# I love skiing, me.



## out

Salve a tutti,

devo tradurre questa frase e non riesco a capire il senso di quel "me" alla fine. Si tratta di una persona che parla dei suoi hobby. Ho pensato che forse è un rafforzativo, ma in questo caso come va tradotto?
Grazie a chi mi vorrà aiutare!


----------



## Holymaloney

out said:


> Salve a tutti,
> 
> devo tradurre questa frase e non riesco a capire il senso di quel "me" alla fine. Si tratta di una persona che parla dei suoi hobby. Ho pensato che forse è un rafforzativo, ma in questo caso come va tradotto?
> Grazie a chi mi vorrà aiutare!


Ciao !
No, con 'me' alla fine non ha senso la frase 
I love skiing = amo sciare
Saluti


----------



## Giorgio Spizzi

Ciao, out.

sai se per caso la frase inglese l'ha scritta un francese?

GS


----------



## out

Giorgio Spizzi said:


> Ciao, out.
> 
> sai se per caso la frase inglese l'ha scritta un francese?
> 
> GS



No, è  di un inglese, per quello mi sembra strana.


----------



## danalto

Serve il contesto, potrebbe essere semplicemente un modo buffo di parlare di un personaggio "X" 
*Amo andare a sciare, io.* 
Questa funziona anche in italiano, nel contesto giusto!


----------



## johngiovanni

I agree with danalto. It is just a way of underlining/ emphasising *my* love of skiing. The "me" sometimes comes at the begining of the sentence - "Me, I love skiing."  "Now, some people hate it, but, me, I love it!"


----------



## out

danalto said:


> Serve il contesto, potrebbe essere semplicemente un modo buffo di parlare di un personaggio "X"
> *Amo andare a sciare, io.*
> Questa funziona anche in italiano, nel contesto giusto!

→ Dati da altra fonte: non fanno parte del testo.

(* Let $d\ge2$ be even, let $K^\infty(t)=\frac{1}{2\pi}t(\pi-\arccos t)$, and for integers $k\ge0$ define $$a_k^d=V_d\int_{-1}^1K^\infty(t)\,P_{k,d}(t)\,(1-t^2)^{\frac{d-2}{2}}\,dt,\qquad V_d=\frac{\pi^{d/2}}{\Gamma(\frac d2+1)}.$$ Set $p=k+\frac{d-2}{2}$, $$C_1(d,k)=\frac{\pi^{d/2}}{d/2}\,\frac{(-1)^k}{2^k}\,\frac{1}{\Gamma(k+\frac d2)},\qquad C_2(q,d,k)=(-1)^q\binom{p}{q}\frac{(2q)!}{(2q-k)!}.$$ Then $$a_k^d=\begin{cases}C_1(d,0)\,\frac{1}{d\,2^{d+1}}\binom{d}{d/2}, & k=0,\\[2pt] C_1(d,1)\sum_{q=1}^{p}C_2(q,d,1)\,\frac{1}{2(2q+1)}, & k=1,\\[2pt] C_1(d,k)\sum_{q=\lceil k/2\rceil}^{p}C_2(q,d,k)\,\frac{1}{2(2q-k+2)}\Big(1-\frac{1}{2^{2q-k+2}}\binom{2q-k+2}{\frac{2q-k+2}{2}}\Big), & k\ge2\text{ even},\\[2pt] 0,& k\ge3\text{ odd}.\end{cases}$$
   Context: $P_{k,d}$ is the Gegenbauer polynomial (zonal harmonic of degree $k$ on $\mathbb{S}^d\subset\mathbb{R}^{d+1}$): $P_{k,d}(t)=\frac{(-1)^k}{2^k}\frac{\Gamma(\frac d2)}{\Gamma(k+\frac d2)}\frac{1}{(1-t^2)^{\frac{d-2}{2}}}\frac{d^k}{dt^k}(1-t^2)^{k+\frac{d-2}{2}}$. By the Funk–Hecke theorem, $a_k^d$ is (up to the fixed normalizing constant $V_d$, which is independent of $k$) the eigenvalue of convolution on $\mathbb{S}^d$ with $K^\infty$ on spherical harmonics of degree $k$. $\binom{p}{q}=0$ when $q>p$. *)

theory Defs
  imports "HOL-Analysis.Analysis"
begin

definition Kinf :: "real \<Rightarrow> real" where
  "Kinf t = (1 / (2 * pi)) * t * (pi - arccos t)"

definition gegenbauer :: "nat \<Rightarrow> nat \<Rightarrow> real \<Rightarrow> real" where
  "gegenbauer k d t =
     ((-1) ^ k / 2 ^ k) * (Gamma (real d / 2) / Gamma (real k + real d / 2))
     * (1 / (1 - t\<^sup>2) powr ((real d - 2) / 2))
     * (deriv ^^ k) (\<lambda>s. (1 - s\<^sup>2) powr (real k + (real d - 2) / 2)) t"

definition Vd :: "nat \<Rightarrow> real" where
  "Vd d = pi powr (real d / 2) / Gamma (real d / 2 + 1)"

definition acoef :: "nat \<Rightarrow> nat \<Rightarrow> real" where
  "acoef k d = Vd d * integral {-1..1}
     (\<lambda>t. Kinf t * gegenbauer k d t * (1 - t\<^sup>2) powr ((real d - 2) / 2))"

definition C1 :: "nat \<Rightarrow> nat \<Rightarrow> real" where
  "C1 d k = (pi powr (real d / 2) / (real d / 2)) * ((-1) ^ k / 2 ^ k) * (1 / Gamma (real k + real d / 2))"

text \<open>p = k + (d-2)/2, a natural number for even d.\<close>
definition pidx :: "nat \<Rightarrow> nat \<Rightarrow> nat" where
  "pidx d k = k + (d - 2) div 2"

definition C2 :: "nat \<Rightarrow> nat \<Rightarrow> nat \<Rightarrow> real" where
  "C2 q d k = (-1) ^ q * real (pidx d k choose q) * (fact (2 * q) / fact (2 * q - k))"

end

theory Submission
  imports Defs "HOL-Computational_Algebra.Polynomial"
begin

text \<open>
For even \<open>d = 2m + 2\<close> the weight \<open>(1 - t\<^sup>2)\<^sup>m\<close> cancels the denominator
of Rodrigues' formula, so on \<open>(-1, 1)\<close> the integrand of \<open>a\<^sub>k\<^sup>d\<close> is a constant
multiple of \<open>Kinf t\<close> times the \<open>k\<close>-th derivative of the polynomial \<open>(1 - t\<^sup>2)\<^sup>p\<close>,
\<open>p = k + m\<close>. Expanding that polynomial reduces \<open>a\<^sub>k\<^sup>d\<close> to the moments of
\<open>Kinf\<close>. Since \<open>Kinf t = t (pi - arccos t) / (2 pi)\<close> and
\<open>arccos' t = -1 / sqrt (1 - t\<^sup>2)\<close>, one integration by parts turns each moment (and,
for \<open>k = 0\<close>, the integral of \<open>Kinf t (1 - t\<^sup>2)\<^sup>m\<close>) into a Wallis integral
\<open>\<integral> t\<^sup>n / sqrt (1 - t\<^sup>2)\<close>, which is \<open>0\<close> for odd \<open>n\<close> and
\<open>pi (n choose n/2) / 2\<^sup>n\<close> for even \<open>n\<close>.
For odd \<open>k\<close> only odd moments occur, and on these \<open>Kinf\<close> acts like \<open>t / 4\<close>
(\<open>Kinf t - t / 4 = t arcsin t / (2 pi)\<close> is even); so the sum equals
\<open>\<integral> t / 4 D\<^sup>k (1 - t\<^sup>2)\<^sup>p\<close>, which vanishes after two further
integrations by parts because \<open>(1 - t\<^sup>2)\<^sup>p\<close> has roots of order \<open>p \<ge> k\<close> at \<open>\<plusminus>1\<close>.
\<close>

lemma fundamental_theorem_of_calculus_real_interior:
  fixes F f :: "real \<Rightarrow> real"
  assumes "a \<le> b" "continuous_on {a..b} F"
    and "\<And>x. a < x \<Longrightarrow> x < b \<Longrightarrow> (F has_real_derivative f x) (at x)"
  shows "(f has_integral (F b - F a)) {a..b}"
  using assms
  by (intro fundamental_theorem_of_calculus_interior)
     (auto simp: has_real_derivative_iff_has_vector_derivative)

La persona che lo dice è semplicemente una persona che parla di quello che le piace fare nel tempo libero, per quello non avevo specificato.
 Concordo con te sulla traduzione, avevo pensato che fosse una specie di rafforzativo, ma non sapevo come renderlo. Grazie a te e anche a johngiovanni


----------



## Necsus

Allora forse direi più "Mi piace sciare, a me", così mantieni in modo abbastanza simile all'originale la ripetizione del pronome.


----------



## london calling

johngiovanni said:


> I agree with danalto. It is just a way of underlining/ emphasising *my* love of skiing. The "me" sometimes comes at the begining of the sentence - "Me, I love skiing." "Now, some people hate it, but, me, I love it!"


 
I'm sure this is a regional thing. I've heard it used but can't think for the life of me where!

The equivalent in London is "I like skiin', meself".


----------



## mr cat

As the others say, it's just a way of emphasising. It's a fairly common colloquialism up here in the NE of England. 

E.g. You might hear; (!) I git love chocolate me like. = I really love chocolate.

If you look on you tube for _Harry Enfield Bugger all money  _he skits the NE stereotype and wears an example of this phrase on his T-shirt.


----------



## AlabamaBoy

london calling said:


> I've heard it used but can't think for the life of me where!


 Certainly not over here.


----------



## Alxmrphi

> I'm sure this is a regional thing. I've heard it used but can't think for the life of me where!


It's not 
I know the construction well and there's an American linguist I listen to, who gave a lecture on topic-promin*e*nce (something in linguistics), and used many examples of this used in America.


----------



## AlabamaBoy

Alxmrphi said:


> It's not
> I know the construction well and there's an American linguist ... who ... used many examples of this used in America.


Hmm, probably not in my lifetime. It must be confined to certain regions or periods.


----------



## Alxmrphi

AlabamaBoy said:


> Hmm, probably not in my lifetime. It must be confined to certain regions.


 What do you mean?
It was fairly recent usage, within the lifetime of the linguist, who is 37 .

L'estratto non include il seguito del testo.